- _Problem description_
Return each line of the data that follows exactly as it reads.

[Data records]
##########

lemma bloch_radial_increment:
  assumes f: "f \<in> bloch_space \<alpha>" and \<alpha>: "0 \<le> \<alpha>" "\<alpha> < 1"
    and z: "z \<in> ball 0 1" and s: "0 \<le> s" "s \<le> 1"
  shows "cmod (f z - f (of_real s * z))
           \<le> bloch_norm \<alpha> f / (1 - \<alpha>) * ((1 - s * cmod z) powr (1 - \<alpha>) - (1 - cmod z) powr (1 - \<alpha>))"
proof (cases "s = 1")
  case False
  with s have s1: "s < 1" by simp
  define M where "M = bloch_norm \<alpha> f"
  define r where "r = cmod z"
  have r: "0 \<le> r" "r < 1" using z by (auto simp: r_def)
  have on_radius: "of_real t * z \<in> ball 0 1" "cmod (of_real t * z) = t * r" "0 < 1 - t * r"
    if "s \<le> t" "t \<le> 1" for t
  proof -
    show "cmod (of_real t * z) = t * r"
      using that s by (simp add: r_def norm_mult)
    moreover have "t * r \<le> r"
      using that s r by (simp add: mult_left_le_one_le)
    ultimately show "of_real t * z \<in> ball 0 1" "0 < 1 - t * r"
      using r by auto
  qed
  \<comment> \<open>compare \<open>f\<close> on the radius with the primitive \<open>\<phi>\<close> of the bound of \<open>bloch_deriv_le\<close>\<close>
  define F where "F = (\<lambda>t::real. f (of_real t * z))"
  define F' where "F' = (\<lambda>t::real. z * deriv f (of_real t * z))"
  define \<phi> where "\<phi> = (\<lambda>t::real. - (M / (1 - \<alpha>)) * (1 - t * r) powr (1 - \<alpha>))"
  define \<phi>' where "\<phi>' = (\<lambda>t::real. M * r * (1 - t * r) powr (- \<alpha>))"
  have "continuous_on {s..1} F"
    unfolding F_def using on_radius
    by (intro continuous_on_compose2[OF holomorphic_on_imp_continuous_on[OF bloch_space_holomorphic[OF f]]])
       (auto intro!: continuous_intros)
  moreover have "continuous_on {s..1} \<phi>"
    unfolding \<phi>_def using on_radius(3) by (intro continuous_intros continuous_on_powr') force+
  moreover have "(F has_vector_derivative F' t) (at t)" if t: "s < t" "t < 1" for t
  proof -
    have "((\<lambda>t. of_real t * z) has_vector_derivative z) (at t)"
      by (auto intro!: derivative_eq_intros simp: has_vector_derivative_def scaleR_conv_of_real)
    moreover have "(f has_field_derivative deriv f (of_real t * z)) (at (of_real t * z))"
      using on_radius[of t] t f by (auto intro!: holomorphic_derivI dest: bloch_space_holomorphic)
    ultimately show ?thesis
      unfolding F_def F'_def using field_vector_diff_chain_at[of "\<lambda>t. of_real t * z" z t f]
      by (simp add: o_def)
  qed
  moreover have "(\<phi> has_vector_derivative \<phi>' t) (at t)" if t: "s < t" "t < 1" for t
  proof -
    have "(\<phi> has_real_derivative - (M / (1 - \<alpha>)) * ((1 - \<alpha>) * (1 - t * r) powr (1 - \<alpha> - 1) * (- r))) (at t)"
      unfolding \<phi>_def using on_radius[of t] t by (auto intro!: derivative_eq_intros)
    moreover have "- (M / (1 - \<alpha>)) * ((1 - \<alpha>) * (1 - t * r) powr (1 - \<alpha> - 1) * (- r)) = \<phi>' t"
      using \<alpha> by (simp add: \<phi>'_def field_simps)
    ultimately show ?thesis
      by (simp add: has_real_derivative_iff_has_vector_derivative)
  qed
  moreover have "norm (F' t) \<le> \<phi>' t" if t: "s < t" "t < 1" for t
  proof -
    have "cmod (deriv f (of_real t * z)) \<le> M * (1 - t * r) powr (- \<alpha>)"
      using bloch_deriv_le[OF f \<alpha>(1), of "of_real t * z"] on_radius[of t] t by (simp add: M_def)
    then show ?thesis
      unfolding F'_def \<phi>'_def using r
      by (simp add: norm_mult r_def[symmetric]) (metis mult.assoc mult.commute mult_left_mono)
  qed
  ultimately have "norm (F 1 - F s) \<le> \<phi> 1 - \<phi> s"
    by (intro differentiable_bound_general[OF s1, of F \<phi> F' \<phi>']) auto
  then show ?thesis
    by (simp add: F_def \<phi>_def r_def M_def algebra_simps)
qed simp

##########

- _Exercise result_
lemma bloch_radial_increment:
  assumes f: "f \<in> bloch_space \<alpha>" and \<alpha>: "0 \<le> \<alpha>" "\<alpha> < 1"
    and z: "z \<in> ball 0 1" and s: "0 \<le> s" "s \<le> 1"
  shows "cmod (f z - f (of_real s * z))
           \<le> bloch_norm \<alpha> f / (1 - \<alpha>) * ((1 - s * cmod z) powr (1 - \<alpha>) - (1 - cmod z) powr (1 - \<alpha>))"
proof (cases "s = 1")
  case False
  with s have s1: "s < 1" by simp
  define M where "M = bloch_norm \<alpha> f"
  define r where "r = cmod z"
  have r: "0 \<le> r" "r < 1" using z by (auto simp: r_def)
  have on_radius: "of_real t * z \<in> ball 0 1" "cmod (of_real t * z) = t * r" "0 < 1 - t * r"
    if "s \<le> t" "t \<le> 1" for t
  proof -
    show "cmod (of_real t * z) = t * r"
      using that s by (simp add: r_def norm_mult)
    moreover have "t * r \<le> r"
      using that s r by (simp add: mult_left_le_one_le)
    ultimately show "of_real t * z \<in> ball 0 1" "0 < 1 - t * r"
      using r by auto
  qed
  \<comment> \<open>compare \<open>f\<close> on the radius with the primitive \<open>\<phi>\<close> of the bound of \<open>bloch_deriv_le\<close>\<close>
  define F where "F = (\<lambda>t::real. f (of_real t * z))"
  define F' where "F' = (\<lambda>t::real. z * deriv f (of_real t * z))"
  define \<phi> where "\<phi> = (\<lambda>t::real. - (M / (1 - \<alpha>)) * (1 - t * r) powr (1 - \<alpha>))"
  define \<phi>' where "\<phi>' = (\<lambda>t::real. M * r * (1 - t * r) powr (- \<alpha>))"
  have "continuous_on {s..1} F"
    unfolding F_def using on_radius
    by (intro continuous_on_compose2[OF holomorphic_on_imp_continuous_on[OF bloch_space_holomorphic[OF f]]])
       (auto intro!: continuous_intros)
  moreover have "continuous_on {s..1} \<phi>"
    unfolding \<phi>_def using on_radius(3) by (intro continuous_intros continuous_on_powr') force+
  moreover have "(F has_vector_derivative F' t) (at t)" if t: "s < t" "t < 1" for t
  proof -
    have "((\<lambda>t. of_real t * z) has_vector_derivative z) (at t)"
      by (auto intro!: derivative_eq_intros simp: has_vector_derivative_def scaleR_conv_of_real)
    moreover have "(f has_field_derivative deriv f (of_real t * z)) (at (of_real t * z))"
      using on_radius[of t] t f by (auto intro!: holomorphic_derivI dest: bloch_space_holomorphic)
    ultimately show ?thesis
      unfolding F_def F'_def using field_vector_diff_chain_at[of "\<lambda>t. of_real t * z" z t f]
      by (simp add: o_def)
  qed
  moreover have "(\<phi> has_vector_derivative \<phi>' t) (at t)" if t: "s < t" "t < 1" for t
  proof -
    have "(\<phi> has_real_derivative - (M / (1 - \<alpha>)) * ((1 - \<alpha>) * (1 - t * r) powr (1 - \<alpha> - 1) * (- r))) (at t)"
      unfolding \<phi>_def using on_radius[of t] t by (auto intro!: derivative_eq_intros)
    moreover have "- (M / (1 - \<alpha>)) * ((1 - \<alpha>) * (1 - t * r) powr (1 - \<alpha> - 1) * (- r)) = \<phi>' t"
      using \<alpha> by (simp add: \<phi>'_def field_simps)
    ultimately show ?thesis
      by (simp add: has_real_derivative_iff_has_vector_derivative)
  qed
  moreover have "norm (F' t) \<le> \<phi>' t" if t: "s < t" "t < 1" for t
  proof -
    have "cmod (deriv f (of_real t * z)) \<le> M * (1 - t * r) powr (- \<alpha>)"
      using bloch_deriv_le[OF f \<alpha>(1), of "of_real t * z"] on_radius[of t] t by (simp add: M_def)
    then show ?thesis
      unfolding F'_def \<phi>'_def using r
      by (simp add: norm_mult r_def[symmetric]) (metis mult.assoc mult.commute mult_left_mono)
  qed
  ultimately have "norm (F 1 - F s) \<le> \<phi> 1 - \<phi> s"
    by (intro differentiable_bound_general[OF s1, of F \<phi> F' \<phi>']) auto
  then show ?thesis
    by (simp add: F_def \<phi>_def r_def M_def algebra_simps)
qed simp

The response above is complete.